T forgotten that one might have been trim
T twist which was reset your DI so you didn't go off on some nonsense heading and get lost.

It might have been 5 t's, its bound to have come from some RAF CFS method and its raw form how it originally was worked a treat.

TheOddOne 16th Apr 2018 18:32

Well, now the following is taught:

T T T

being

Turn
Time
Talk

In other words, at the waypoint, focus entirely on the threat and error management of your turn on to your new heading
Then note the time
Once stabilised on your new heading (gross error checks and a FREDA carried out) tell whoever you've been talking to on the radio

sorry about the thread drift.

TOO

Vilters 16th Apr 2018 19:11

Well, I don't know the examiner who would ask such a thing.
STALL means STALL = Loss of speed and control.

Holding 75 kts is not going to get you anywhere "near" stall in a C-172 unless you are willing to pull the wings off the thing. => High "G" load.

And then, with Flaps. . Come on . . . Max "G" load with flaps is 2 G.

Flaps + holding 75 kts? => You can fly the tanks dry without ever getting "ANYWHERE" close to stalling.
You are AT LEAST 15 kts ABOVE a possible stall.
Add some power to that and you are 20 kts ABOVE stalling.

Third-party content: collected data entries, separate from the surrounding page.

theorem mainTheorem6:
  fixes m n :: nat and eps :: int and z :: complex
  assumes "n < m"
    and "eps = 1 \<or> eps = -1"
    and "z \<notin> {w. Im w = 0 \<and> Re w \<le> 1}"
  shows "(deriv ^^ m) (\<lambda>w. legendreP n w * Ln (w + of_int eps)) z =
    (- of_int eps) ^ n * (-1) ^ (m + 1) * fact (n + m) * fact (m - n - 1) *
    ((z - 1) powr (- (of_nat m / 2)) * (z + 1) powr (- (of_nat m / 2))) *
    assocP_neg n m eps z"
proof -
  define c :: complex where "c = of_int eps"
  have c: "c = 1 \<or> c = -1" using assms(2) by (auto simp: c_def)
  have z: "z - 1 \<noteq> 0" "z + 1 \<noteq> 0" using assms(3) by (auto simp: complex_eq_iff)
  have u: "z + c \<notin> \<real>\<^sub>\<le>\<^sub>0" using assms(3) c by (auto simp: complex_nonpos_Reals_iff)
  have prefactor: "(z - 1) powr (- (of_nat m / 2)) * (z + 1) powr (- (of_nat m / 2)) *
      (if eps = 1 then (z - 1) powr (of_nat m / 2) * (z + 1) powr (- (of_nat m / 2))
       else (z + 1) powr (of_nat m / 2) * (z - 1) powr (- (of_nat m / 2))) = inverse (z + c) ^ m"
    using assms(2) powr_neg_half_mult_powr_half[OF z] powr_neg_half_mult_powr_half[OF z(2,1)]
    by (auto simp: c_def mult_ac)
  have argument: "1 - c * (z + c) / 2 = (1 - of_int eps * z) / 2"
    using c by (auto simp: c_def field_simps)
  have hypergeometric: "(\<Sum>k\<le>n. legendre_coeff n k * fact k * fact (m - k - 1) * (c * (z + c) / 2) ^ k) =
      fact (n + m) * fact (m - n - 1) / fact m *
      hyp2F1 (- of_nat n) (of_nat n + 1) (1 + of_nat m) ((1 - of_int eps * z) / 2)"
    unfolding sum_legendre_coeff_eq_hyp2F1[OF assms(1)] argument ..
  have "(deriv ^^ m) (\<lambda>w. legendreP n w * Ln (w + of_int eps)) z =
      (deriv ^^ m) (\<lambda>v. legendreP n (v - c) * Ln v) (z + c)"
    using higher_deriv_shift[of m "\<lambda>v. legendreP n (v - c) * Ln v" c z] by (simp add: c_def)
  also have "\<dots> = (-c) ^ n * (-1) ^ (m + 1) * inverse (z + c) ^ m *
      (\<Sum>k\<le>n. legendre_coeff n k * fact k * fact (m - k - 1) * (c * (z + c) / 2) ^ k)"
    by (rule higher_deriv_legendreP_mult_Ln[OF assms(1) c u])
  finally show ?thesis
    unfolding assocP_neg_def hypergeometric prefactor[symmetric] by (simp add: c_def mult_ac)
qed

end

We used to fly a C-172 right into the stall, add power, add more power till at FULL power and cruise along at 30 kts indicated.
With only 2 on board and light on fuel, we could get to 27 kts IAS. Yeah, yeah, that poor horn blaring like a stricken goat. LOL.
It' called flying on the back side of the stall speed. Transfer weight from the wing to the powerplant.
Less weight for the wing to carry and the stall speed drops off to ridiculous values.

BALL centered at ALL times. That's the only "must do".

Gertrude the Wombat 16th Apr 2018 20:10


Originally Posted by Vilters (Post 10120534)
We used to fly a C-172 right into the stall, add power, add more power till at FULL power and cruise along at 30 kts indicated.

Done that in a 152. Heading into wind, of course, so that by looking at the ground we could see that we were flying backwards.

Pilot DAR 16th Apr 2018 21:06

My C 150, with a Horton STOL kit is capable of sustained flight, and 15 degree banked turns at 22 MPH indicated. However, when I installed a swiveling pitot head and second ASI, I found that the actual airspeed was 41 MPH. So that would be a case where the position error on the pitot tube was extreme, and the difference between IAS and CAS was huge. But, it's fun to look at 22 MPH, and think to one's self: "wow, that's slow!".

Careful doing that for sustained periods though, as the CHT gets hot, and could be damaging.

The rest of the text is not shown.